= Lie On Moy =

Dutch East Indies woman journalist

Lie On Moy (1884–1951) was a Peranakan Chinese journalist, writer and translator in the Dutch East Indies. She is thought to have been one of the first Peranakan women journalists and published writers in the Indies.
==Biography==
Lie On Moy was born in Padang, Sumatra, Dutch East Indies (now Indonesia) in 1884. Her family were Hakka who had recently immigrated from China to Padang. Her younger brother Lie In Eng also became a well-known translator and journalist. Her education is not well documented, but she is known to have been literate in Chinese and Malay.
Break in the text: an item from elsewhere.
(* Let $(X_1,Y_1),\dots,(X_n,Y_n)$ be calibration data and $X_{n+1},\dots,X_{n+m}$ test covariates (with unobserved $Y_{n+j}$), $Y_i\in\mathbb{R}$, $s:\mathcal{X}\to[0,1]$ a score, $c\in\mathbb{R}$ a constant, and suppose the risk is binary: $\mathcal{L}(f,x,y)=\mathbf{1}\{y\le c\}$, $L_i=\mathbf{1}\{Y_i\le c\}$. Fix $\alpha\in(0,1)$ and take $\gamma=\alpha$ in the SCoRE e-values. Then for every $j\in\{1,\dots,m\}$, deterministically $E_{\alpha,n+j}(1)\ge e_{n+j}$; furthermore, $e_{n+j}=0$ implies $E_{\alpha,n+j}=0$.
   Context: Let $\mathcal{M}=\{s(X_i)\}_{i=1}^{n+m}$. For $t\in\mathbb{R}$, $\ell\in[0,1]$: $\mathrm{FR}_{n+j}(t;\ell)=\frac{\ell\mathbf{1}\{s(X_{n+j})\le t\}+\sum_{i=1}^nL_i\mathbf{1}\{s(X_i)\le t\}}{1+\sum_{k\ne j}\mathbf{1}\{s(X_{n+k})\le t\}}\cdot\frac{m}{n+1}$, $t_{\gamma,n+j}(\ell)=\max\{t\in\mathcal{M}:\mathrm{FR}_{n+j}(t;\ell)\le\gamma\}$ ($\max\emptyset=-\infty$), $$E_{\gamma,n+j}(\ell)=\frac{(n+1)\mathbf{1}\{s(X_{n+j})\le t_{\gamma,n+j}(\ell)\}}{\ell\mathbf{1}\{s(X_{n+j})\le t_{\gamma,n+j}(\ell)\}+\sum_{i=1}^nL_i\mathbf{1}\{s(X_i)\le t_{\gamma,n+j}(\ell)\}}$$ (ratio $0$ if numerator $0$), and $E_{\gamma,n+j}=\inf_{\ell\in[0,1]}E_{\gamma,n+j}(\ell)$ (set to $0$ if $\inf_\ell t_{\gamma,n+j}(\ell)=-\infty$). Conformal p-values: with $V(x,y)=\infty\cdot\mathbf{1}\{y>c\}+s(x)$ (where $\infty\cdot0=0$), $p_j=\frac{1+\sum_{i=1}^n\mathbf{1}\{V(X_i,Y_i)\le V(X_{n+j},c)\}}{n+1}$. Let $\mathcal{S}^{\mathrm{CS}}$ be the output of the Benjamini–Hochberg procedure at level $\alpha$ applied to $p_1,\dots,p_m$ (i.e. with $k^*=\max\{k:p_{(k)}\le\alpha k/m\}$, or $0$ if none, $\mathcal{S}^{\mathrm{CS}}=\{j:p_j\le\alpha k^*/m\}$), and $e_{n+j}=\frac{\mathbf{1}\{p_j\le\alpha|\mathcal{S}^{\mathrm{CS}}|/m\}}{\alpha|\mathcal{S}^{\mathrm{CS}}|/m}$ (taken as $0$ when the indicator is $0$). *)

theory Defs
  imports Complex_Main "HOL-Library.Extended_Real"
begin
At around the turn of the century, she moved to the colonial capital Batavia and married Lauw Giok Lan, who would eventually become one of the best known Chinese Indonesian journalists. They had at least one child, Lauw Soei Goan. Lie became a prolific translator of Chinese stories into Malay, which were then serialized in newspapers; she may have sometimes published these under pseudonyms such as Hemeling. At this time it was still quite rare for Indies Chinese or Native women to write and publish under their own names; Letters of a Javanese Princess by Kartini, the most famous such publication, was only posthumously published in 1911. Other Peranakan Chinese women journalists and translators such as Siem Piet Nio, Lie Loan Lian Nio, and Nyonya The Tiang Ek were not active until the 1920s.

In 1913 Lie, along with her husband Lauw Giok Lan, Tjoe Bou San and Song Chong Soei, founded a weekly publication in Batavia called Penghiboer ("Entertainer"), although it does not seem to have lasted long.

Her life or writing career after the 1910s are not well documented. As Indies society was very conservative during this era, with few public roles for Chinese or Native Indonesian women, it is possible she continued to translate or under pseudonyms. She died in 1951.